# en allant à votre rencontre



## LasMariannas

Bonjour! Je devrai analyser et traduire le discours de Sarkozy a Villepinte pendant sa campagne présidentielle, mais il y a un problème. 
Je voudrais avoir une traduction pour l'expression suivante, je ne la comprend pas:

"*En allant* à votre rencontre depuis 5 ans, au milieu des pires épreuves, jamais je ne vous ai vus tentés par l'egoisme..."

J'ai pensé au subjoctif mais en italien n'a pas du sense, mais je ne suis pas sure d'avoir compris le sense en français. C'est ça ma tentative:

"*Andandomene* dall'incontro dopo 5 anni.."
​"*Mentre andavo via*..."

Je crois que le problème n'est pas seulement la traduction mais de n'avoir pas compris le sense en français. 
Merci à tous!


----------



## Necsus

Ciao, LM. Non sarà semplicemente "incontrandomi con voi"?


----------



## matoupaschat

Ciao LasMariannas, ciao Necsus ,

Sì, però insiste sul fatto che è lui, Nicolas Sarkozy, a fare il passo (sia fisico che mentale) verso gli interlocutori, dunque direi piuttosto "Venendovi incontro...".


----------



## LasMariannas

Buongiorno ad entrambi!  
Ecco! Avete ragione, ora ha senso! Invece io mi ero fissata che fosse "andandosene" o comunque "andarsene", mentre la sfumatura era completamente diversa, ora ho capito!  Vi ringrazio entrambi, davvero.
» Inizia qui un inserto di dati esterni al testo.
definition regions :: "'a list \<Rightarrow> (dart \<Rightarrow> dart) \<Rightarrow> dart set set" where
  "regions w rot = {{(face_perm rot ^^ k) d | k. True} | d. d \<in> darts w}"

(* the map is drawn on the sphere: Euler's formula V - E + F = 2
   with V = n, E = 2n, i.e. F = n + 2 *)
definition spherical_curve :: "'a list \<Rightarrow> (dart \<Rightarrow> dart) \<Rightarrow> bool" where
  "spherical_curve w rot \<longleftrightarrow>
     gauss_word w \<and> admissible_rotation w rot \<and>
     card (regions w rot) = card (set w) + 2"

definition interlaced :: "'a list \<Rightarrow> 'a \<Rightarrow> 'a \<Rightarrow> bool" where
  "interlaced w a b \<longleftrightarrow> a \<noteq> b \<and>
     (\<exists>p1 p2 p3 p4. p1 < p2 \<and> p2 < p3 \<and> p3 < p4 \<and> p4 < length w \<and>
        ((w!p1 = a \<and> w!p2 = b \<and> w!p3 = a \<and> w!p4 = b) \<or>
         (w!p1 = b \<and> w!p2 = a \<and> w!p3 = b \<and> w!p4 = a)))"

definition trigon_at :: "'a list \<Rightarrow> (dart \<Rightarrow> dart) \<Rightarrow> dart \<Rightarrow> 'a \<Rightarrow> 'a \<Rightarrow> 'a \<Rightarrow> bool" where
  "trigon_at w rot d x y z \<longleftrightarrow> d \<in> darts w \<and>
     (face_perm rot ^^ 3) d = d \<and>
     x = vert w (face_perm rot d) \<and> y = vert w ((face_perm rot ^^ 2) d) \<and> z = vert w d \<and>
     x \<noteq> y \<and> y \<noteq> z \<and> z \<noteq> x"

definition has_typeC_trigon :: "'a list \<Rightarrow> (dart \<Rightarrow> dart) \<Rightarrow> bool" where
  "has_typeC_trigon w rot \<longleftrightarrow>
     (\<exists>d x y z. trigon_at w rot d x y z \<and>
        interlaced w x y \<and> interlaced w y z \<and> interlaced w z x)"

definition reducible :: "'a list \<Rightarrow> bool" where
  "reducible w \<longleftrightarrow> (\<exists>c \<in> set w. \<forall>d \<in> set w. \<not> interlaced w c d)"

(* inverse-half-twisted splice: p A p B  \<mapsto>  rev A @ B *)
definition splice :: "'a list \<Rightarrow> 'a \<Rightarrow> 'a list" where
  "splice w p = (let i = hd (filter (\<lambda>k. w!k = p) [0..<length w]);
                     j = last (filter (\<lambda>k. w!k = p) [0..<length w])
                 in rev (take (j - i - 1) (drop (Suc i) w)) @ drop (Suc j) w @ take i w)"

fun reducible_within :: "nat \<Rightarrow> 'a list \<Rightarrow> bool" where
  "reducible_within 0 w = reducible w"
| "reducible_within (Suc k) w = (reducible w \<or> (\<exists>p \<in> set w. reducible_within k (splice w p)))"

definition reductivity :: "'a list \<Rightarrow> nat" where
  "reductivity w = (LEAST k. reducible_within k w)"

end

theory Submission
  imports Defs
begin

(* The chords joining the two occurrences of each of the trigon's crossings x, y, z,
   together with the three edges of the trigon (each joining cyclically consecutive
   positions of the Gauss word), form a closed hexagon in the chord diagram.  Hence every
   other crossing is interlaced with an even number of x, y, z.  Splicing at p toggles
   the interlacing of a and b exactly when both are interlaced with p.  So if some crossing
   v is interlaced with, say, y and z, then splicing at v, y and x in turn leaves z
   interlaced with nothing; otherwise splicing at x already leaves y isolated. *)

section \<open>Double occurrence words and interlacing\<close>

definition double_occurrence :: "'a list \<Rightarrow> bool" where
  "double_occurrence w \<longleftrightarrow> (\<forall>c \<in> set w. count_list w c = 2)"

lemma gauss_word_double_occurrence: "gauss_word w \<Longrightarrow> double_occurrence w"
  by (simp add: gauss_word_def double_occurrence_def)

lemma card_positions_eq_count_list: "card {q. q < length w \<and> w!q = c} = count_list w c"
  by (simp add: count_list_eq_length_filter length_filter_conv_card eq_commute)

lemma positions_eq_pair:
  assumes "count_list w c = 2" "i \<noteq> j" "i < length w" "j < length w" "w!i = c" "w!j = c"
  shows "{q. q < length w \<and> w!q = c} = {i, j}"
proof (rule card_subset_eq[symmetric])
  show "card {i, j} = card {q. q < length w \<and> w!q = c}"
    using assms by (simp add: card_positions_eq_count_list)
qed (use assms in auto)

lemma obtain_positions:
  assumes "count_list w c = 2"
  obtains i j where "i < j" "j < length w" "w!i = c" "w!j = c"
    "{q. q < length w \<and> w!q = c} = {i, j}"
proof -
  have "card {q. q < length w \<and> w!q = c} = 2"
    using assms by (simp add: card_positions_eq_count_list)
  then obtain i j where ij: "{q. q < length w \<and> w!q = c} = {i, j}" "i \<noteq> j"
    by (auto simp: card_2_iff)
  then consider "i < j" | "j < i" by linarith
  then show thesis
    by cases (use ij that[of i j] that[of j i] in \<open>auto simp: insert_commute\<close>)
qed

definition between :: "nat \<Rightarrow> nat \<Rightarrow> nat \<Rightarrow> bool" where
  "between i j k \<longleftrightarrow> (i < k) \<noteq> (j < k)"

definition chords_cross :: "nat \<Rightarrow> nat \<Rightarrow> nat \<Rightarrow> nat \<Rightarrow> bool" where
  "chords_cross i j k l \<longleftrightarrow> between i j k \<noteq> between i j l"

lemma chords_cross_order:
  assumes "chords_cross i j k l" "i \<noteq> k" "i \<noteq> l" "j \<noteq> k" "j \<noteq> l"
  shows "(min i j < min k l \<and> min k l < max i j \<and> max i j < max k l) \<or>
         (min k l < min i j \<and> min i j < max k l \<and> max k l < max i j)"
  using assms unfolding chords_cross_def between_def
  by (cases "i < k"; cases "j < k"; cases "i < l"; cases "j < l"; simp add: min_def max_def)
lemma K_child_subset: "w \<in> T \<Longrightarrow> v \<in> ch w \<Longrightarrow> K v \<subseteq> K w"
  using Union_children by blast

end

locale periodic_descent = scaled_partition T parent lev ch K \<zeta> \<xi> c
  for T :: "'w set" and parent lev ch and K :: "'w \<Rightarrow> 'a::metric_space set" and \<zeta> \<xi> c +
  fixes j :: nat
  assumes period_pos: "0 < j" and period_small: "c * \<zeta> ^ j \<le> \<xi> / 2"
begin

text \<open>Along chosen children below a cell whose level is divisible by \<open>j\<close>, this is that cell.\<close>
definition anchor :: "'w \<Rightarrow> 'w" where
  "anchor u = (parent ^^ nat (lev u mod int j)) u"

definition descend :: "'w \<Rightarrow> 'w" where
  "descend u = (SOME v. v \<in> ch u \<and> (center (anchor u) \<in> K u \<longrightarrow> center (anchor u) \<in> K v))"

definition limit_set :: "'w \<Rightarrow> 'a set" where
  "limit_set v = (\<Inter>k. K ((descend ^^ k) v))"

definition point :: "'w \<Rightarrow> 'a" where
  "point v = (SOME y. y \<in> limit_set v)"

lemma descend_child: "u \<in> T \<Longrightarrow> descend u \<in> ch u"
  and center_anchor_in_descend:
    "u \<in> T \<Longrightarrow> center (anchor u) \<in> K u \<Longrightarrow> center (anchor u) \<in> K (descend u)"
proof -
  assume "u \<in> T"
  then have "\<exists>v. v \<in> ch u \<and> (center (anchor u) \<in> K u \<longrightarrow> center (anchor u) \<in> K v)"
    using Union_children[of u] K_nonempty[of u] by blast
  from someI_ex[OF this]
  show "descend u \<in> ch u" "center (anchor u) \<in> K u \<Longrightarrow> center (anchor u) \<in> K (descend u)"
    unfolding descend_def by blast+
qed

lemma descend_iter:
  assumes "u \<in> T"
  shows "(descend ^^ k) u \<in> T \<and> lev ((descend ^^ k) u) = lev u + int k
    \<and> (parent ^^ k) ((descend ^^ k) u) = u"
proof (induction k)
  case 0
  then show ?case
    using assms by simp
next
  case (Suc k)
  define v where "v = (descend ^^ k) u"
  have "v \<in> T" "lev v = lev u + int k" "(parent ^^ k) v = u"
    using Suc by (simp_all add: v_def)
  then have "descend v \<in> T" "parent (descend v) = v" "lev (descend v) = lev u + int (Suc k)"
    using child[OF \<open>v \<in> T\<close> descend_child] by simp_all
  moreover have "(parent ^^ Suc k) (descend v) = (parent ^^ k) (parent (descend v))"
    by (simp only: funpow_Suc_right o_apply)
  moreover have "(descend ^^ Suc k) u = descend v"
    by (simp add: v_def)
  ultimately show ?case
    using \<open>(parent ^^ k) v = u\<close> by simp
qed
lemma incidence_e1_notin_span_if_connected:
  fixes x y :: "'a \<Rightarrow> 'k::field"
  defines "x \<equiv> incidence E s t e1" and "y \<equiv> incidence E s t en"
  assumes "(e1, en) \<in> adj_rel E s t"
  shows "x \<notin> fun_vs.span (insert (x + y) (incidence E s t ` (V - {e1, en})))"
proof
  let ?W = "V - {e1, en}"
  have finV: "finite V" and ends: "\<forall>a\<in>E. s a \<in> V \<and> t a \<in> V"
    using quiver by (auto simp: quiver_def)
  then have finW: "finite ?W"
    by simp
  assume "x \<in> fun_vs.span (insert (x + y) (incidence E s t ` ?W))"
  then obtain k c where kc: "x - k *\<^sub>F (x + y) = (\<Sum>v\<in>?W. c v *\<^sub>F incidence E s t v)"
    by (auto simp: fun_vs.span_breakdown_eq span_image_finite[OF finW])
  \<comment> \<open>the coefficients of the vanishing combination x - k (x + y) - (\<Sum>v\<in>?W. c v incidence v)\<close>
  define h where "h v = (if v = e1 then 1 - k else if v = en then - k else - c v)" for v
  have "(\<Sum>v\<in>V. h v *\<^sub>F incidence E s t v) a = 0" for a
  proof -
    have "(\<Sum>v\<in>?W. h v * incidence E s t v a) = - (\<Sum>v\<in>?W. c v * incidence E s t v a)"
      by (simp add: h_def sum_negf)
    also have "(\<Sum>v\<in>?W. c v * incidence E s t v a) = x a - k * (x a + y a)"
      using fun_cong[OF kc, of a] by (simp add: sum_fun_apply)
    finally have "(\<Sum>v\<in>?W. h v * incidence E s t v a) = - (x a - k * (x a + y a))" .
    moreover have "h e1 = 1 - k" "h en = - k"
      using e1_neq_en by (simp_all add: h_def)
    ultimately show ?thesis
      unfolding sum_fun_apply sum_split_e1_en[of "\<lambda>v. h v * incidence E s t v a"]
      by (simp add: x_def y_def algebra_simps del: diff_eq_eq eq_diff_eq)
  qed
  then have "(\<Sum>v\<in>V. h v *\<^sub>F incidence E s t v) = 0"
    by (simp add: fun_eq_iff)
  then have "h e1 = h en"
    using incidence_relation_constant_on_components[OF finV ends _ assms(3)] by blast
  then show False
    using e1_neq_en by (simp add: h_def)
qed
Buon fine settimana! 
LM


----------



## asdepiques

Ciao, sono d'accordo con Matoupschat, letteralmente sarebbe venendovi incontro ma forse in italiano potremmo azzardare qualcosa come "facendo di tutto per voi" anche se, trattandosi del discorso di un presidente, ci vorrebbe un registro un po' piu alto, con il significato di "Assecondando i vostri bisogni" o qualcosa del genere...
che ne pensate?


----------